» The input

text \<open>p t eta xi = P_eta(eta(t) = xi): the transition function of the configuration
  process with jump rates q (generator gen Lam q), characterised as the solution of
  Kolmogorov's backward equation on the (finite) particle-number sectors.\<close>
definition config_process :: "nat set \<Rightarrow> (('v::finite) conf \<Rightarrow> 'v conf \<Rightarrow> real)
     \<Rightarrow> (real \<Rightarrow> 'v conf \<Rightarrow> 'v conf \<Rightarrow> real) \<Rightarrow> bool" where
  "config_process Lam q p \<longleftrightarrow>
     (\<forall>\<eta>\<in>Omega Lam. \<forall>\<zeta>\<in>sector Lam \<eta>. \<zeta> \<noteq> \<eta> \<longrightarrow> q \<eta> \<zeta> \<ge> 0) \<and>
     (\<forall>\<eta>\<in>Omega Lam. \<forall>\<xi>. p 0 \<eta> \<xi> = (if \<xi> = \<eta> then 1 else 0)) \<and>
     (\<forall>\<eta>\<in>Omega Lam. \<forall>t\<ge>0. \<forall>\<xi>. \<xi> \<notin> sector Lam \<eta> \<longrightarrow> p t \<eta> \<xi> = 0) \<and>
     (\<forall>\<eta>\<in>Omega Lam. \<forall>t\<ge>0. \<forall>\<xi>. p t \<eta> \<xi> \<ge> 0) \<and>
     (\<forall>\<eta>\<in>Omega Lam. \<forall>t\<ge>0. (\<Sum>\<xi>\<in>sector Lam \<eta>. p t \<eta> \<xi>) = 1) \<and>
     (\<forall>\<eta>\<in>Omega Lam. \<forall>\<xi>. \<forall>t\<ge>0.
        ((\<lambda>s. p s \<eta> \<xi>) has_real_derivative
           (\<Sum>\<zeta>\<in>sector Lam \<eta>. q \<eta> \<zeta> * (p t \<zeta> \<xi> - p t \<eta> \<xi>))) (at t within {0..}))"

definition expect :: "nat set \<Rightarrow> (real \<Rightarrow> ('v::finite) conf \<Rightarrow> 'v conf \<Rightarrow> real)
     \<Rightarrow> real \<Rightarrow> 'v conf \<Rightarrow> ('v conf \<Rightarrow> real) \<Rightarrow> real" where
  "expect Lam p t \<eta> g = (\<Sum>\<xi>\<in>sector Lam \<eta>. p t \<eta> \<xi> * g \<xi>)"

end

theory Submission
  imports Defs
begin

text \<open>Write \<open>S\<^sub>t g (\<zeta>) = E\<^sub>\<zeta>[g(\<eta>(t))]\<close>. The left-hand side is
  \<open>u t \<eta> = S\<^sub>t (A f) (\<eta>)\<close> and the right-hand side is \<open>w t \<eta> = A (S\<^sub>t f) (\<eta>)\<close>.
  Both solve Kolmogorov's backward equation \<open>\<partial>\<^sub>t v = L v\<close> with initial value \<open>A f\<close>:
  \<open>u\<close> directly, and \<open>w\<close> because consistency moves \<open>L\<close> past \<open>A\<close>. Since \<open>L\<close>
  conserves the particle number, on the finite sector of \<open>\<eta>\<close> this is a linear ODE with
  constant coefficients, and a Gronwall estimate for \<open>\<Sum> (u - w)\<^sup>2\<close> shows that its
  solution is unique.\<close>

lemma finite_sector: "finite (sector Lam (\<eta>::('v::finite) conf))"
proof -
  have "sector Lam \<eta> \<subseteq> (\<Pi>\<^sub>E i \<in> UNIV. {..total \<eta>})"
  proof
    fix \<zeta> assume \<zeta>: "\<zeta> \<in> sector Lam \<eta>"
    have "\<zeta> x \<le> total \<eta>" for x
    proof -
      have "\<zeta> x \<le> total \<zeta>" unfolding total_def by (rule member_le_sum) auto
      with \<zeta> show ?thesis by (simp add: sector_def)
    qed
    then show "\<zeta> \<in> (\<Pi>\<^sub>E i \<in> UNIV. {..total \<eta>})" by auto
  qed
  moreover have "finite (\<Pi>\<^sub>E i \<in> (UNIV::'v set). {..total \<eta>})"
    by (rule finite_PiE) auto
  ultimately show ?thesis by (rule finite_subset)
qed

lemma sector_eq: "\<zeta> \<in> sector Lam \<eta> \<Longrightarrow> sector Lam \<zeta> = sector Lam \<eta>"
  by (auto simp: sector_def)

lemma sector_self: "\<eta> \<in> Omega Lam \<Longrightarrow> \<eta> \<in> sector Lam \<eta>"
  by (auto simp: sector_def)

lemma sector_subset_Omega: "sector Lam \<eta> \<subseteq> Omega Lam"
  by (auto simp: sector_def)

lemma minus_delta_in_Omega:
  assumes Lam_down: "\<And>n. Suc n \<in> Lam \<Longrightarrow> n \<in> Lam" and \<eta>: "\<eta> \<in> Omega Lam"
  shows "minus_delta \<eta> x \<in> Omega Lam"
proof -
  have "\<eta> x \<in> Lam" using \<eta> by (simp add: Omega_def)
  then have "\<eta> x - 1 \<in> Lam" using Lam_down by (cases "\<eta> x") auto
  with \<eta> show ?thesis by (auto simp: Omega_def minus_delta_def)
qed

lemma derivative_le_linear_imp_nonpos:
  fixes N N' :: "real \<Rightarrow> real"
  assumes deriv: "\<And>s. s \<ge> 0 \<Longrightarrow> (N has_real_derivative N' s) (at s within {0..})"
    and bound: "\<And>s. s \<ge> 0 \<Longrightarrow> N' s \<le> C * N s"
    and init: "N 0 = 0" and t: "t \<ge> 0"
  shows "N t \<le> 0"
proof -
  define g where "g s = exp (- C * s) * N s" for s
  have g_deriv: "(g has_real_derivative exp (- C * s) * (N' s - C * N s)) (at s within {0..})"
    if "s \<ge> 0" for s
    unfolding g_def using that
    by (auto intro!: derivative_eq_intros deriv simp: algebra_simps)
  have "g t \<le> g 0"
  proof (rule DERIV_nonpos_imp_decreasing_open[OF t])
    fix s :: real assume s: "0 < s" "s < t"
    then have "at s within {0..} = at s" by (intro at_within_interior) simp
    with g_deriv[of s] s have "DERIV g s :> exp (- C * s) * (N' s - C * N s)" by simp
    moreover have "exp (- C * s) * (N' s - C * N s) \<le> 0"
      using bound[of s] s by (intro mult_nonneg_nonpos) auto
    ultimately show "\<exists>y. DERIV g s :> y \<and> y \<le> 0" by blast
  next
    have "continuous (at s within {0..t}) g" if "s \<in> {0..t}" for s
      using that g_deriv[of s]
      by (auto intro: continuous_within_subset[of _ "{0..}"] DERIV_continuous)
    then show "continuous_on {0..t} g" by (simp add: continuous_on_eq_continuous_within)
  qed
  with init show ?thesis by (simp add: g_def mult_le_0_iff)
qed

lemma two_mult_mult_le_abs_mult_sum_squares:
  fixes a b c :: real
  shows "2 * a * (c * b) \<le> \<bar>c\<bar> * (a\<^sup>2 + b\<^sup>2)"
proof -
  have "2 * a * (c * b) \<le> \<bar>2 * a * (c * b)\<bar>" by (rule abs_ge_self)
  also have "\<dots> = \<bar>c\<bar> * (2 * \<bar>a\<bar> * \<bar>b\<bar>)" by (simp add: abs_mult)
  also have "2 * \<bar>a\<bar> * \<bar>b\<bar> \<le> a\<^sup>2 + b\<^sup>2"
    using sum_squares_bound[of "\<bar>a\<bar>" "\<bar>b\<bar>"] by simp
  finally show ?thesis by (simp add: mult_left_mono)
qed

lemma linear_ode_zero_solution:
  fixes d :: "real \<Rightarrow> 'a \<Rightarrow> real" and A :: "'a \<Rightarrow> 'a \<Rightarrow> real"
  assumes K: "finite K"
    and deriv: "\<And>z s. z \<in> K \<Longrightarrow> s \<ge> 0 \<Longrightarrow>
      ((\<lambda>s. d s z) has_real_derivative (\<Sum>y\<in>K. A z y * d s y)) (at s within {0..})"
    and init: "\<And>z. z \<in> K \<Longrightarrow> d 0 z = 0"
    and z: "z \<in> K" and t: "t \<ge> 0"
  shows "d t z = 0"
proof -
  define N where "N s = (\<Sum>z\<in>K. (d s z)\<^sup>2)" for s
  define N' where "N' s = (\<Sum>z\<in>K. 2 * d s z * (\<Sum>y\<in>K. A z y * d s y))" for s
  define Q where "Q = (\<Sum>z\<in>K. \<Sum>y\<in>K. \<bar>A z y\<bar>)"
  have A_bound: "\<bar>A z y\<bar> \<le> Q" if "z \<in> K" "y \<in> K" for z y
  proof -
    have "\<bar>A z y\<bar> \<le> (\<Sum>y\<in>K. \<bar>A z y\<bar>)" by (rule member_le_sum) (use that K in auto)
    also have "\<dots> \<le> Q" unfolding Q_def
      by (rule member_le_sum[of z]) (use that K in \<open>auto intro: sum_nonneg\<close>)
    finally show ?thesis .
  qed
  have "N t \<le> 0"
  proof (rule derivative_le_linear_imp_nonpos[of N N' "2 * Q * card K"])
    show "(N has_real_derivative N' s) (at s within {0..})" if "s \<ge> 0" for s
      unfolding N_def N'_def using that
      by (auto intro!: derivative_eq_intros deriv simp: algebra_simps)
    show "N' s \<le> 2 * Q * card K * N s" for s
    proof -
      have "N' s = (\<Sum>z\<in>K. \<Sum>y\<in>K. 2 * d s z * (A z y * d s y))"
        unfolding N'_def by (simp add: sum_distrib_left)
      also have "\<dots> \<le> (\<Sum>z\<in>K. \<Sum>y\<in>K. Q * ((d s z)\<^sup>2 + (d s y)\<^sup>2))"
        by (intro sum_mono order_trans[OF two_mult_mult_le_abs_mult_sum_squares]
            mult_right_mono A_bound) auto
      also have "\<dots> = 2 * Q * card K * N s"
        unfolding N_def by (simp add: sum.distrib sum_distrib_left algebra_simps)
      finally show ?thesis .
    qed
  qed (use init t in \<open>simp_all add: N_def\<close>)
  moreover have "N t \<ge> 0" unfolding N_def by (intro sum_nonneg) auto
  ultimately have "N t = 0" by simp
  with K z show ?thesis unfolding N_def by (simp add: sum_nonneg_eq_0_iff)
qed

» Exercise goal
Restate word for word the entries above from the line with "unfolding g_def using that" through the line with "C * N s) \<le>", inclusive, leaving out everything else.

» Exercise solution
    unfolding g_def using that
    by (auto intro!: derivative_eq_intros deriv simp: algebra_simps)
  have "g t \<le> g 0"
  proof (rule DERIV_nonpos_imp_decreasing_open[OF t])
    fix s :: real assume s: "0 < s" "s < t"
    then have "at s within {0..} = at s" by (intro at_within_interior) simp
    with g_deriv[of s] s have "DERIV g s :> exp (- C * s) * (N' s - C * N s)" by simp
    moreover have "exp (- C * s) * (N' s - C * N s) \<le> 0"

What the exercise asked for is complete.